Rabbi Michoel Green said...

Dear Anonymous:
I meant that the birthing mother is presently experiencing a condition which can result in fatality in some cases, even if in fewer than .1% of patients. A healthy person currently has NO condition, even if there is a present outbreak of a contagious disease in his vicinity. Likewise, there is surely a spider present i.e. crawling around), but it may or may not fall into YOUR food. The risk exists in potentia but not in present actuality for you. Likewise with regards to covid-19 for a healthy person. This is not to say that precaution isn't in order, but it clearly doesn't rise to the level that justifies banning all tefila b'tzibur, limud haTorah b'asara, bitul torasan shel tashbar, etc. If it did, it would presumably be strictly forbidden to leave your house altogether, which is clearly not the case here.

Rabbi Michoel Green said...

R' Chaim Yitzchok Vogel, yes, we should certainly advocate that. It must be said, though, that 350 frum doctors' opinion is largely irrelevant with regards to halacha. R' Chaim Brisker said "vrapo yrape -- mikan shenitan rshus lrofeh lrapos." Doctors have jurisdiction to heal, and davka to heal a specific patient with a specific refuah (i.e. not a blanket medical policy), but NOT necessarily with regard to prevention. Doctors may express their view-- they have a vote but not a veto. Halacha conforms to higher values that doctors (jewish, frum, or otherwise) often do not grasp.

Anonymous said...

The perplexing thing is that there are many doctors and scientists, as well as epidemiologists and infectious disease experts who were against the shut-down from the beginning. More and more are joining to advocate for re-opening. It seems like the majority of non-Governmental experts have this position.

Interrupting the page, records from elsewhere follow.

(* Let $A$ be an $n\times n$ Bott matrix, $\Gamma=\pi_1(M(A))$, and let $b_1$ be the first Betti number of $M(A)$. Let $S=\operatorname{span}_{\mathbb{F}_2}\{x_j^2:1\le j\le n\}\subseteq H^2(\Gamma,\mathbb{F}_2)$. Then $\dim_{\mathbb{F}_2}S=n-b_1$ and $S\subseteq\ker\beta^{(2)}$.
   Context: A Bott matrix is a strictly upper triangular $A=[a_{ij}]\in\mathbb{F}_2^{n\times n}$. The real Bott manifold is $M(A)=T^n/C_2^n$, where $C_2^n=\langle c_1,\dots,c_n\rangle$ acts freely on $T^n=(S^1)^n\subset\mathbb{C}^n$ by $$c_i\cdot(z_1,\dots,z_n)=(z_1,\dots,z_{i-1},-z_i,c_{i,i+1}(z_{i+1}),\dots,c_{i,n}(z_n)),$$ with $c_{i,j}(z)=z$ if $a_{ij}=0$ and $\bar z$ if $a_{ij}=1$. Let $\pi\colon\Gamma\to C_2^n$ be the induced surjection (kernel $\mathbb{Z}^n$). Let $c_i^*\in\operatorname{Hom}(C_2^n,\mathbb{F}_2)$ satisfy $c_i^*(c_j)=\delta_{ij}$, and put $x_i=\pi^*(c_i^* )\in H^1(\Gamma,\mathbb{F}_2)$. It is known that $H^*(\Gamma,\mathbb{F}_2)\cong\mathbb{F}_2[x_1,\dots,x_n]/(x_j^2+\alpha_jx_j:1\le j\le n)$ with $\alpha_j=\sum_{i=1}^{j-1}a_{ij}x_i$, and that $\{x_ix_j:i<j\}$ is a basis of $H^2(\Gamma,\mathbb{F}_2)$. Here $\beta^{(2)}\colon H^2(\Gamma,\mathbb{F}_2)\to H^3(\Gamma,\mathbb{F}_2)$ is the Bockstein homomorphism of $0\to\mathbb{F}_2\to\mathbb{Z}/4\to\mathbb{F}_2\to0$. *)

theory Defs
  imports Complex_Main "HOL-Library.Z2" "HOL-Library.Numeral_Type"
    "HOL-Algebra.Bij" "HOL-Algebra.Generated_Groups"
begin

definition bott_matrix :: "nat \<Rightarrow> (nat \<Rightarrow> nat \<Rightarrow> bit) \<Rightarrow> bool" where
  "bott_matrix n A \<longleftrightarrow> (\<forall>i\<in>{1..n}. \<forall>j\<in>{1..n}. j \<le> i \<longrightarrow> A i j = 0)"

text \<open>Points of the universal cover R^n of T^n (z_k = exp(2 pi i t_k)), coordinates 1..n.
  bott_lift n A i is the lift of c_i: -z_i corresponds to t_i + 1/2, conjugation of z_k
  to -t_k.  bott_transl k is the deck translation by the k-th unit vector.\<close>
definition bott_lift :: "nat \<Rightarrow> (nat \<Rightarrow> nat \<Rightarrow> bit) \<Rightarrow> nat \<Rightarrow> (nat \<Rightarrow> real) \<Rightarrow> (nat \<Rightarrow> real)" where
  "bott_lift n A i t = (\<lambda>k. if k = i then t k + 1/2
                          else if i < k \<and> k \<le> n \<and> A i k = 1 then - t k else t k)"

definition bott_transl :: "nat \<Rightarrow> (nat \<Rightarrow> real) \<Rightarrow> (nat \<Rightarrow> real)" where
  "bott_transl k t = t(k := t k + 1)"

text \<open>Gamma = pi_1(M(A)) realised as the deck transformation group of R^n \<rightarrow> M(A),
  i.e. the group of bijections of R^n generated by the lifts of the c_i and Z^n.\<close>
definition bott_group :: "nat \<Rightarrow> (nat \<Rightarrow> nat \<Rightarrow> bit) \<Rightarrow> ((nat \<Rightarrow> real) \<Rightarrow> (nat \<Rightarrow> real)) monoid" where
  "bott_group n A = (BijGroup UNIV)\<lparr>carrier :=
     generate (BijGroup UNIV) ((bott_lift n A ` {1..n}) \<union> (bott_transl ` {1..n}))\<rparr>"

text \<open>x_i = pi^*(c_i^*): the homomorphism Gamma \<rightarrow> F2 sending the lift of c_j to delta_ij and
  killing the translation lattice Z^n (= ker pi); extended by 0 outside the carrier.\<close>
definition bott_x :: "nat \<Rightarrow> (nat \<Rightarrow> nat \<Rightarrow> bit) \<Rightarrow> nat \<Rightarrow> ((nat \<Rightarrow> real) \<Rightarrow> (nat \<Rightarrow> real)) \<Rightarrow> bit" where
  "bott_x n A i = (THE f.
      (\<forall>g\<in>carrier (bott_group n A). \<forall>h\<in>carrier (bott_group n A).
          f (g \<otimes>\<^bsub>bott_group n A\<^esub> h) = f g + f h)
    \<and> (\<forall>j\<in>{1..n}. f (bott_lift n A j) = (if j = i then 1 else 0))
    \<and> (\<forall>k\<in>{1..n}. f (bott_transl k) = 0)
    \<and> (\<forall>g. g \<notin> carrier (bott_group n A) \<longrightarrow> f g = 0))"

definition cobound :: "('g, 'b) monoid_scheme \<Rightarrow> nat \<Rightarrow> ('g list \<Rightarrow> 'r::comm_ring_1) \<Rightarrow> 'g list \<Rightarrow> 'r" where
  "cobound G k f gs = f (tl gs)
     + (\<Sum>i<k. (-1)^(i+1) * f (take i gs @ [gs!i \<otimes>\<^bsub>G\<^esub> gs!(Suc i)] @ drop (i+2) gs))
     + (-1)^(k+1) * f (butlast gs)"

definition is_cocycle :: "('g, 'b) monoid_scheme \<Rightarrow> nat \<Rightarrow> ('g list \<Rightarrow> 'r::comm_ring_1) \<Rightarrow> bool" where
  "is_cocycle G k f \<longleftrightarrow> (\<forall>gs\<in>lists (carrier G). length gs = Suc k \<longrightarrow> cobound G k f gs = 0)"

definition is_cobound :: "('g, 'b) monoid_scheme \<Rightarrow> nat \<Rightarrow> ('g list \<Rightarrow> 'r::comm_ring_1) \<Rightarrow> bool" where
  "is_cobound G k f \<longleftrightarrow> (\<exists>h. \<forall>gs\<in>lists (carrier G). length gs = k \<longrightarrow> f gs = cobound G (k - 1) h gs)"

definition cup_sq :: "('g \<Rightarrow> bit) \<Rightarrow> 'g list \<Rightarrow> bit" where
  "cup_sq x gs = x (gs!0) * x (gs!1)"

text \<open>Dimension over F2 of the span in H^2 of the classes [c k], k \<in> I: there is J \<subseteq> I of
  size d whose classes form a basis of the span (over F2, linear combinations are subset sums).\<close>
definition classes_dim :: "('g, 'b) monoid_scheme \<Rightarrow> (nat \<Rightarrow> 'g list \<Rightarrow> bit) \<Rightarrow> nat set \<Rightarrow> nat \<Rightarrow> bool" where
  "classes_dim G c I d \<longleftrightarrow> (\<exists>J\<subseteq>I. finite J \<and> card J = d
      \<and> (\<forall>T\<subseteq>J. T \<noteq> {} \<longrightarrow> \<not> is_cobound G 2 (\<lambda>gs. \<Sum>j\<in>T. c j gs))
      \<and> (\<forall>k\<in>I. \<exists>T\<subseteq>J. is_cobound G 2 (\<lambda>gs. c k gs - (\<Sum>j\<in>T. c j gs))))"

text \<open>Bockstein for 0 \<rightarrow> F2 \<rightarrow> Z/4 \<rightarrow> F2 \<rightarrow> 0: lift an F2-valued 2-cocycle set-theoretically
  to Z/4, apply the coboundary, divide by 2 (values lie in 2Z/4), giving an F2 3-cocycle.\<close>
definition lift4 :: "bit \<Rightarrow> 4" where
  "lift4 b = (if b = 1 then 1 else 0)"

So why are Rabbonim ignoring all these experts and only relying on the same old frum "expert" doctors who follow the CDC and not many doctors and experts who evaluate the merits of the situation? Since when do Rabbonim select which expert to follow and how can they dictate which experts other can follow?

Anonymous said...

That is a good question and explains why there is growing distrust and lack of respect for these Rabbis , people are are growing more and more suspicious and questioning their true motives when they give directives. One such person is a particular Rabbi in CH.